(TRY IT)
Find every line in the entries that holds the string "finally" and report it.

(EXERCISE INPUTS)

lemma block_borel_cantelli:
  assumes a: "strict_mono a"
    and v: "\<And>n k. v n \<le> E (\<lambda>\<omega>. ramp k (Y n \<omega>))"
    and C0: "\<And>L. block_miss_sum a v L \<le> C0"
  shows "\<exists>P\<in>Ps. limsup (block_missed a) \<in> null_sets P"
proof -
  obtain P where P: "P \<in> Ps"
    and bound: "\<And>k L. (\<integral>\<omega>. block_miss_sum a (\<lambda>m. ramp k (Y m \<omega>)) L \<partial>P) \<le> C0 + 1"
    using exists_P_block_miss_integrals_le[OF a v C0] by blast
  interpret prob_space P
    using P by (rule prob_space_Ps)
  have "summable (\<lambda>l. measure P (block_missed a l))"
  proof (rule bounded_imp_summable)
    show "(\<Sum>l\<le>L. measure P (block_missed a l)) \<le> C0 + 1" for L
      using sum_measure_block_missed_le[OF a P bound, of "Suc L"] by (simp add: lessThan_Suc_atMost)
  qed simp
  then have "limsup (block_missed a) \<in> null_sets P"
    using sets_block_missed[OF P] by (intro borel_cantelli_limsup1) (auto simp: emeasure_eq_measure)
  with P show ?thesis
    by blast
qed

end

section \<open>Distances to closed sets and the choice of blocks\<close>

text \<open>\<open>infdist x {} = 0\<close>, so the empty set needs a case of its own.\<close>

definition trunc_infdist :: "nat \<Rightarrow> (nat \<Rightarrow> real) set \<Rightarrow> (nat \<Rightarrow> real) \<Rightarrow> real" where
  "trunc_infdist d G y = (if G = {} then 1 else min 1 (infdist (trunc d y) G))"

lemma trunc_infdist_bounds: "0 \<le> trunc_infdist d G y \<and> trunc_infdist d G y \<le> 1"
  by (simp add: trunc_infdist_def infdist_nonneg)

text \<open>The metric of \<open>nat \<Rightarrow> real\<close> is \<open>\<Sum>n. (1/2)^n * min \<bar>x n - y n\<bar> 1\<close> (up to the enumeration
  \<open>from_nat\<close>), whence the factor \<open>2\<close>.\<close>

lemma dist_trunc_le: "dist (trunc d y) (trunc d y') \<le> 2 * vnorm {..<d} (\<lambda>i. y i - y' i)"
proof -
  define v where "v = vnorm {..<d} (\<lambda>i. y i - y' i)"
  have coord: "dist (trunc d y i) (trunc d y' i) \<le> v" for i
    using abs_le_vnorm[of "{..<d}" i "\<lambda>i. y i - y' i"] vnorm_nonneg[of "{..<d}" "\<lambda>i. y i - y' i"]
    by (simp add: v_def trunc_def dist_real_def)
  have geom: "summable (\<lambda>n. (1/2::real) ^ n * v)"
    by (intro summable_mult2 summable_geometric) simp
  have le: "(1/2) ^ n * min (dist (trunc d y (from_nat n)) (trunc d y' (from_nat n))) 1 \<le> (1/2::real) ^ n * v"
    for n
    using coord[of "from_nat n"] by (intro mult_left_mono) auto
  have terms: "summable (\<lambda>n. (1/2::real) ^ n * min (dist (trunc d y (from_nat n)) (trunc d y' (from_nat n))) 1)"
    by (rule summable_comparison_test'[OF geom]) (use le in auto)
  have "dist (trunc d y) (trunc d y')
      = (\<Sum>n. (1/2) ^ n * min (dist (trunc d y (from_nat n)) (trunc d y' (from_nat n))) 1)"
    by (simp add: dist_fun_def)
  also have "\<dots> \<le> (\<Sum>n. (1/2::real) ^ n * v)"
    by (rule suminf_le[OF le terms geom])
  also have "\<dots> = 2 * v"
    using suminf_geometric[of "1/2::real"] by (simp add: suminf_mult2[symmetric])
  finally show ?thesis
    unfolding v_def .
qed
text \<open>Transitivity of lying in a common class rules out two monochromatic pairs.\<close>
lemma bi_coloring_edge_exactly_one:
  assumes "strict_coloring X B B P k" "{x, y, z} \<in> B" "x \<noteq> y" "y \<noteq> z" "x \<noteq> z"
  shows "exactly_one3 (same_class P x y) (same_class P x z) (same_class P y z)"
proof -
  have part: "is_partition X P"
    and mono: "\<exists>u\<in>{x, y, z}. \<exists>v\<in>{x, y, z}. u \<noteq> v \<and> same_class P u v"
    and bi: "\<exists>u\<in>{x, y, z}. \<exists>v\<in>{x, y, z}. \<not> same_class P u v"
    using assms(1,2) unfolding strict_coloring_iff_same_class by blast+
  have "same_class P x y \<or> same_class P x z \<or> same_class P y z"
    using mono by (auto simp: same_class_commute)
  moreover have "\<not> same_class P x y \<or> \<not> same_class P x z \<or> \<not> same_class P y z"
    using bi by (auto simp: same_class_commute) (auto simp: same_class_def)
  ultimately show ?thesis
    unfolding exactly_one3_def by (metis same_class_commute same_class_trans[OF part])
qed

definition kernel_partition :: "('a \<Rightarrow> 'b) \<Rightarrow> 'a set \<Rightarrow> 'a set set" where
  "kernel_partition f X = (\<lambda>x. {y\<in>X. f y = f x}) ` X"

lemma is_partition_kernel_partition: "is_partition X (kernel_partition f X)"
  unfolding is_partition_def kernel_partition_def by auto

lemma same_class_kernel_partition:
  "same_class (kernel_partition f X) x y \<longleftrightarrow> x \<in> X \<and> y \<in> X \<and> f x = f y"
  unfolding same_class_def kernel_partition_def by auto

lemma card_kernel_partition: "card (kernel_partition f X) = card (f ` X)"
proof -
  have "kernel_partition f X = (\<lambda>v. {y\<in>X. f y = v}) ` f ` X"
    unfolding kernel_partition_def by auto
  moreover have "inj_on (\<lambda>v. {y\<in>X. f y = v}) (f ` X)"
    by (rule inj_onI) auto
  ultimately show ?thesis by (simp add: card_image)
qed

lemma partition_eq_kernel_partition:
  assumes "is_partition X P" and "\<And>x y. x \<in> X \<Longrightarrow> y \<in> X \<Longrightarrow> same_class P x y \<longleftrightarrow> f x = f y"
  shows "P = kernel_partition f X"
proof -
  have "P = (\<lambda>x. {y\<in>X. same_class P x y}) ` X" by (rule partition_eq_image_classes[OF assms(1)])
  also have "\<dots> = kernel_partition f X"
    unfolding kernel_partition_def using assms(2) by (intro image_cong) auto
  finally show ?thesis .
qed

lemma strict_coloring_kernel_partition:
  assumes "\<And>E. E \<in> C \<Longrightarrow> E \<subseteq> X" "\<And>E. E \<in> C \<Longrightarrow> \<exists>x\<in>E. \<exists>y\<in>E. x \<noteq> y \<and> f x = f y"
    and "\<And>E. E \<in> D \<Longrightarrow> \<exists>x\<in>E. \<exists>y\<in>E. f x \<noteq> f y"
  shows "strict_coloring X C D (kernel_partition f X) (card (f ` X))"
proof -
  have "\<exists>x\<in>E. \<exists>y\<in>E. x \<noteq> y \<and> same_class (kernel_partition f X) x y" if "E \<in> C" for E
    using assms(1,2)[OF that] by (auto simp: same_class_kernel_partition)
  moreover have "\<exists>x\<in>E. \<exists>y\<in>E. \<not> same_class (kernel_partition f X) x y" if "E \<in> D" for E
    using assms(3)[OF that] by (auto simp: same_class_kernel_partition)
  ultimately show ?thesis
    unfolding strict_coloring_iff_same_class
    by (simp add: is_partition_kernel_partition card_kernel_partition)
qed

lemma card3_image_card2:
  assumes "card E = 3" "card (f ` E) = 2"
  shows "(\<exists>x\<in>E. \<exists>y\<in>E. x \<noteq> y \<and> f x = f y) \<and> (\<exists>x\<in>E. \<exists>y\<in>E. f x \<noteq> f y)"
proof
  have "\<not> inj_on f E" using assms by (intro pigeonhole) simp
  then show "\<exists>x\<in>E. \<exists>y\<in>E. x \<noteq> y \<and> f x = f y" unfolding inj_on_def by blast
  obtain u v where "u \<in> f ` E" "v \<in> f ` E" "u \<noteq> v"
    using assms(2) by (metis card_2_iff insertI1 insert_commute)
  then show "\<exists>x\<in>E. \<exists>y\<in>E. f x \<noteq> f y" by blast
qed

lemma one_realization_of_two_colorings:
  assumes "strict_coloring X C D P1 k1" "strict_coloring X C D P2 k2" "k1 \<noteq> k2"
    and "\<And>P k. strict_coloring X C D P k \<Longrightarrow> P = P1 \<or> P = P2"
  shows "one_realization X C D {k1, k2}"
proof -
  have card: "card P = k" if "strict_coloring X C D P k" for P k
    using that by (simp add: strict_coloring_def)
  have colorings: "{P. strict_coloring X C D P k} \<subseteq> {if k = k1 then P1 else P2}" for k
  proof
    fix P assume "P \<in> {P. strict_coloring X C D P k}"
    then have "P = P1 \<or> P = P2" "card P = k" using assms(4) card by auto
    then show "P \<in> {if k = k1 then P1 else P2}"
      using card[OF assms(1)] card[OF assms(2)] assms(3) by auto
  qed
  have "finite {P. strict_coloring X C D P k}" for k
    using colorings by (rule finite_subset) simp
  moreover have "spectrum_entry X C D k \<le> 1" for k
    unfolding spectrum_entry_def using card_mono[OF _ colorings] by simp
  moreover have "feasible_set X C D = {k1, k2}"
    unfolding feasible_set_def
  proof (intro equalityI subsetI)
    fix k assume "k \<in> {k. \<exists>P. strict_coloring X C D P k}"
    then obtain P where P: "strict_coloring X C D P k" by blast
    then have "P = P1 \<or> P = P2" using assms(4) by blast
    then show "k \<in> {k1, k2}" using card[OF P] card[OF assms(1)] card[OF assms(2)] by auto
  qed (use assms(1,2) in blast)
  ultimately show ?thesis
    unfolding one_realization_def by (simp add: le_Suc_eq)
qed

lemma mem_HX:
  "(a, b, c) \<in> HX n1 n2 \<longleftrightarrow>
     (1 \<le> a \<and> a \<le> n2 \<and> b = a \<and> c \<le> 1) \<or>
     (n2 \<le> a \<and> a < n1 \<and> (b = 1 \<and> c = 0 \<or> b = n2 \<and> c = 1)) \<or>
     (a, b, c) = (n1, n2, 1)"
proof -
  have "(\<exists>k. a = n2 + k \<and> k < n1 - n2) \<longleftrightarrow> n2 \<le> a \<and> a < n1" by presburger
  then show ?thesis unfolding HX_def by auto
qed

lemma HX_cases:
  assumes "x \<in> HX n1 n2"
  obtains (diag0) j where "1 \<le> j" "j \<le> n2" "x = (j, j, 0)"
    | (diag1) j where "1 \<le> j" "j \<le> n2" "x = (j, j, 1)"
    | (low) i where "i < n1 - n2" "x = (n2 + i, 1, 0)"
    | (high) i where "i < n1 - n2" "x = (n2 + i, n2, 1)"
    | (corner) "x = (n1, n2, 1)"
  using assms unfolding HX_def by blast

lemma HX_coord_bounds:
  assumes "x \<in> HX n1 n2" "n2 < n1" "1 \<le> n2"
  shows "1 \<le> fst x" "fst x \<le> n1" "1 \<le> fst (snd x)" "fst (snd x) \<le> n2" "snd (snd x) \<le> 1"
  using assms by (cases rule: HX_cases; simp)+

lemma coord_1_image_HX:
  assumes "n2 < n1" "1 \<le> n2"
  shows "coord 1 ` HX n1 n2 = {1..n1}"
proof (intro equalityI subsetI)
  fix v assume "v \<in> coord 1 ` HX n1 n2"
  then show "v \<in> {1..n1}" using HX_coord_bounds assms by (auto simp: coord_def)
next
  fix v assume v: "v \<in> {1..n1}"
  let ?x = "if v \<le> n2 then (v, v, 0) else if v < n1 then (v, 1, 0) else (n1, n2, 1)"
  have x: "?x \<in> HX n1 n2" "coord 1 ?x = v" using v by (auto simp: mem_HX coord_def)
  show "v \<in> coord 1 ` HX n1 n2"
    by (rule rev_image_eqI[where f = "coord 1", OF x(1) x(2)[symmetric]])
qed

lemma coord_2_image_HX:
  assumes "n2 < n1" "1 \<le> n2"
  shows "coord 2 ` HX n1 n2 = {1..n2}"
proof (intro equalityI subsetI)
  fix v assume "v \<in> coord 2 ` HX n1 n2"
  then show "v \<in> {1..n2}" using HX_coord_bounds assms by (auto simp: coord_def)
next
  fix v assume "v \<in> {1..n2}"
  then have x: "(v, v, 0) \<in> HX n1 n2" "coord 2 (v, v, 0) = v" by (auto simp: mem_HX coord_def)
  show "v \<in> coord 2 ` HX n1 n2"
    by (rule rev_image_eqI[where f = "coord 2", OF x(1) x(2)[symmetric]])
qed

lemma HB_subset_HX:
  assumes "E \<in> HB n1 n2" "n2 < n1" "1 \<le> n2"
  shows "E \<subseteq> HX n1 n2"
  using assms unfolding HB_def by (auto simp: mem_HX)

lemma HB_card_coord:
  assumes "E \<in> HB n1 n2" "j \<in> {1, 2}" "2 \<le> n2"
  shows "card E = 3" "card (coord j ` E) = 2"
  using assms unfolding HB_def by (auto simp: coord_def card_insert_if)

lemma HB_tripleI:
  assumes "x \<in> HX n1 n2" "y \<in> HX n1 n2" "z \<in> HX n1 n2" "x \<noteq> y" "y \<noteq> z" "x \<noteq> z"
    "card {fst x, fst y, fst z} = 2" "card {fst (snd x), fst (snd y), fst (snd z)} = 2"
    "card {snd (snd x), snd (snd y), snd (snd z)} = 2"
  shows "{x, y, z} \<in> HB n1 n2"
proof -
  have "card {x, y, z} = 3" using assms(4-6) by (simp add: card_insert_if)
  moreover have "coord j ` {x, y, z} = {coord j x, coord j y, coord j z}" for j by simp
  ultimately show ?thesis using assms unfolding HB_def by (auto simp: coord_def)
qed

context
  fixes n1 n2 :: nat and P :: "vec3 set set" and k :: nat
  assumes n2_less_n1: "n2 < n1" and two_le_n2: "2 \<le> n2"
    and coloring: "strict_coloring (HX n1 n2) (HB n1 n2) (HB n1 n2) P k"
begin

abbreviation sim :: "vec3 \<Rightarrow> vec3 \<Rightarrow> bool" (infix "\<approx>" 50) where
  "x \<approx> y \<equiv> same_class P x y"

lemma coloring_partition: "is_partition (HX n1 n2) P"
  using coloring by (simp add: strict_coloring_def)

lemma sim_trans: "x \<approx> y \<Longrightarrow> y \<approx> z \<Longrightarrow> x \<approx> z"
  using same_class_trans[OF coloring_partition] .

lemma sim_refl: "x \<in> HX n1 n2 \<Longrightarrow> x \<approx> x"
  using same_class_refl[OF coloring_partition] .

lemma triangle:
  assumes "x \<in> HX n1 n2" "y \<in> HX n1 n2" "z \<in> HX n1 n2" "x \<noteq> y" "y \<noteq> z" "x \<noteq> z"
    "card {fst x, fst y, fst z} = 2" "card {fst (snd x), fst (snd y), fst (snd z)} = 2"
    "card {snd (snd x), snd (snd y), snd (snd z)} = 2"
  shows "exactly_one3 (x \<approx> y) (x \<approx> z) (y \<approx> z)"
  using bi_coloring_edge_exactly_one[OF coloring HB_tripleI[OF assms]] assms(4-6) .

lemma special_edge_triangle:
  "exactly_one3 ((1,1,0) \<approx> (n2,1,0)) ((1,1,0) \<approx> (n2,n2,0)) ((n2,1,0) \<approx> (n2,n2,0))"
  using two_le_n2 by (intro bi_coloring_edge_exactly_one[OF coloring]) (auto simp: HB_def)

lemma diag_triangle:
  assumes "1 \<le> j" "j \<le> n2" "z \<in> HX n1 n2" "fst z \<noteq> j" "fst (snd z) \<noteq> j"
  shows "exactly_one3 ((j,j,0) \<approx> (j,j,1)) ((j,j,0) \<approx> z) ((j,j,1) \<approx> z)"
proof -
  obtain a b c where z: "z = (a, b, c)" by (cases z)
  have "c = 0 \<or> c = 1" using assms(3) z by (auto simp: mem_HX)
  then show ?thesis
    using assms z n2_less_n1 by (intro triangle) (auto simp: mem_HX card_insert_if)
qed

lemma low0_triangles:
  "exactly_one3 ((1,1,1) \<approx> (n2,1,0)) ((1,1,1) \<approx> (n2,n2,0)) ((n2,1,0) \<approx> (n2,n2,0))"
  "exactly_one3 ((1,1,0) \<approx> (n2,1,0)) ((1,1,0) \<approx> (n2,n2,1)) ((n2,1,0) \<approx> (n2,n2,1))"
  "exactly_one3 ((1,1,1) \<approx> (n2,1,0)) ((1,1,1) \<approx> (n2,n2,1)) ((n2,1,0) \<approx> (n2,n2,1))"
  using n2_less_n1 two_le_n2 by (intro triangle; auto simp: mem_HX card_insert_if)+

lemma first_last_diag_not_sim: "\<not> (1,1,0) \<approx> (n2,n2,0)"
proof
  assume a1_an: "(1,1,0) \<approx> (n2,n2,0)"
  note b1_c0_an = low0_triangles(1) and a1_c0_bn = low0_triangles(2)
    and b1_c0_bn = low0_triangles(3)
  have "\<not> (1,1,0) \<approx> (n2,1,0)" "\<not> (n2,1,0) \<approx> (n2,n2,0)"
    using special_edge_triangle a1_an by (auto simp: exactly_one3_def)
  moreover have "\<not> (1,1,1) \<approx> (n2,n2,0)"
    using diag_triangle[of 1 "(n2,n2,0)"] a1_an two_le_n2 by (auto simp: mem_HX exactly_one3_def)
  moreover have "\<not> (1,1,0) \<approx> (n2,n2,1)"
    using diag_triangle[of n2 "(1,1,0)"] a1_an two_le_n2
    by (auto simp: mem_HX exactly_one3_def same_class_commute)
  ultimately have "(1,1,1) \<approx> (n2,1,0)" "(n2,1,0) \<approx> (n2,n2,1)"
    using b1_c0_an a1_c0_bn by (auto simp: exactly_one3_def)
  then show False using b1_c0_bn sim_trans by (auto simp: exactly_one3_def)
qed

lemma low0_sim_cases:
  "(n2,1,0) \<approx> (n2,n2,0) \<and> \<not> (n2,1,0) \<approx> (1,1,0) \<or>
   (n2,1,0) \<approx> (1,1,0) \<and> \<not> (n2,1,0) \<approx> (n2,n2,0)"
  using special_edge_triangle first_last_diag_not_sim by (auto simp: exactly_one3_def same_class_commute)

(End EXERCISE INPUTS)

(THE ANSWER)
  finally show ?thesis
  finally show ?thesis .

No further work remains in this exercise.